Keep beating. That’s the trick. I’ve watched 20 minutes go by using a stand mixer just to get the texture I’m craving.
Also…you might have not let the sugar dissolve enough. I recommend using a digital thermometer to assure you reach 160 degrees Fahrenheit not just for safety reasons (die Salmonella die!) but to ensure maximum dissolution of the sugar. Again, I’ve lost 15-20 minutes at the stove on this part too. Time and patience are your friend.
I was wondering if this could go on cakes and cupcakes
Yes!
Hi! I just made it and it’s amazing! How do you store extra frosting? Or do you have to use it all?

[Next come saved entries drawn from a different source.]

lemma has_integral_Re_mult_trig_series:
  fixes a q :: "nat \<Rightarrow> complex"
  assumes a: "summable (\<lambda>n. norm (a n))" and q: "summable (\<lambda>n. norm (q n))"
  shows "((\<lambda>t. Re (\<Sum>n. a n * cis (real n * t)) * Re (\<Sum>k. q k * cis (- real k * t))) has_integral
           pi * Re ((\<Sum>n. a n * q n) + cnj (a 0) * q 0)) {0..2*pi}"
proof -
  define X where "X t = (\<Sum>n. a n * cis (real n * t))" for t
  define Y where "Y t = (\<Sum>k. q k * cis (- real k * t))" for t
  have cnj_a: "summable (\<lambda>n. norm (cnj (a n)))"
    using a by simp
  have cnj_X: "cnj (X t) = (\<Sum>n. cnj (a n) * cis (of_int (- int n) * t))" for t
  proof -
    have "summable (\<lambda>n. a n * cis (real n * t))"
      by (rule summable_comparison_test'[OF a, of 0]) (simp add: norm_mult)
    then have "(\<lambda>n. cnj (a n * cis (real n * t))) sums cnj (X t)"
      unfolding X_def by (rule sums_cnj[THEN iffD2, OF summable_sums])
    then show ?thesis
      by (simp add: sums_iff cis_cnj)
  qed
  have XY: "((\<lambda>t. X t * Y t) has_integral (2 * pi * (\<Sum>n. a n * q n))) {0..2*pi}"
    using has_integral_trig_series_mult[OF a q, of int] by (simp add: X_def Y_def)
  have "(\<lambda>n. cnj (a n) * (if - int n \<ge> 0 then q (nat (- int n)) else 0)) =
        (\<lambda>n. if n = 0 then cnj (a n) * q n else 0)"
    by auto
  then have "(\<Sum>n. cnj (a n) * (if - int n \<ge> 0 then q (nat (- int n)) else 0)) = cnj (a 0) * q 0"
    using sums_single[of 0 "\<lambda>n. cnj (a n) * q n"] by (simp add: sums_iff)
  then have cnj_XY: "((\<lambda>t. cnj (X t) * Y t) has_integral (2 * pi * (cnj (a 0) * q 0))) {0..2*pi}"
    using has_integral_trig_series_mult[OF cnj_a q, of "\<lambda>n. - int n"]
    by (simp add: cnj_X Y_def del: of_int_minus)
  have integral_product: "((\<lambda>t. (X t * Y t + cnj (X t) * Y t) / 2) has_integral
      (2 * pi * (\<Sum>n. a n * q n) + 2 * pi * (cnj (a 0) * q 0)) / 2) {0..2*pi}"
    by (intro has_integral_divide has_integral_add XY cnj_XY)
  have Re_product: "(\<lambda>t. Re ((X t * Y t + cnj (X t) * Y t) / 2)) = (\<lambda>t. Re (X t) * Re (Y t))"
    by (simp add: fun_eq_iff algebra_simps)
  have Re_value: "Re ((2 * pi * (\<Sum>n. a n * q n) + 2 * pi * (cnj (a 0) * q 0)) / 2) =
      pi * Re ((\<Sum>n. a n * q n) + cnj (a 0) * q 0)"
    by (simp add: algebra_simps)
  from has_integral_Re[OF integral_product]
  have "((\<lambda>t. Re (X t) * Re (Y t)) has_integral pi * Re ((\<Sum>n. a n * q n) + cnj (a 0) * q 0)) {0..2*pi}"
    unfolding Re_product Re_value .
  then show ?thesis
    unfolding X_def Y_def .
qed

You can refrigerate it for up to 3 days 🙂
Has anyone made this recipe the night before? Did it last the next day?
Hi! Is it ok to use icing sugar?
No, you need granulated for this recipe for a few different reasons.
Does it taste like marshmallows?
Just grab some Loranns marshmallow flavoring oil and add a few drops to achieve more of a marshmallow taste.
Hi how stable is this frosting on a cake and will it keep its shape once piped
will keep it’s shape, absolutely!
First time making a marshmallow frosting and it came out great! Consistency was perfect. Frosted chocolate cake and refrigerated it until we ate it in the evening.
So glad you enjoyed!!
Ive tried making this twice and somehow my batter won’t thicken and stiff up :/ any suggestions?
Do you think I could use meringue powder instead of the egg whites? How would you recommend making that swap?
I haven’t tried that swap in the specific recipe, but 2 teaspoons of meringue powder + 2 tablespoons water = 1 large egg white is a general rule!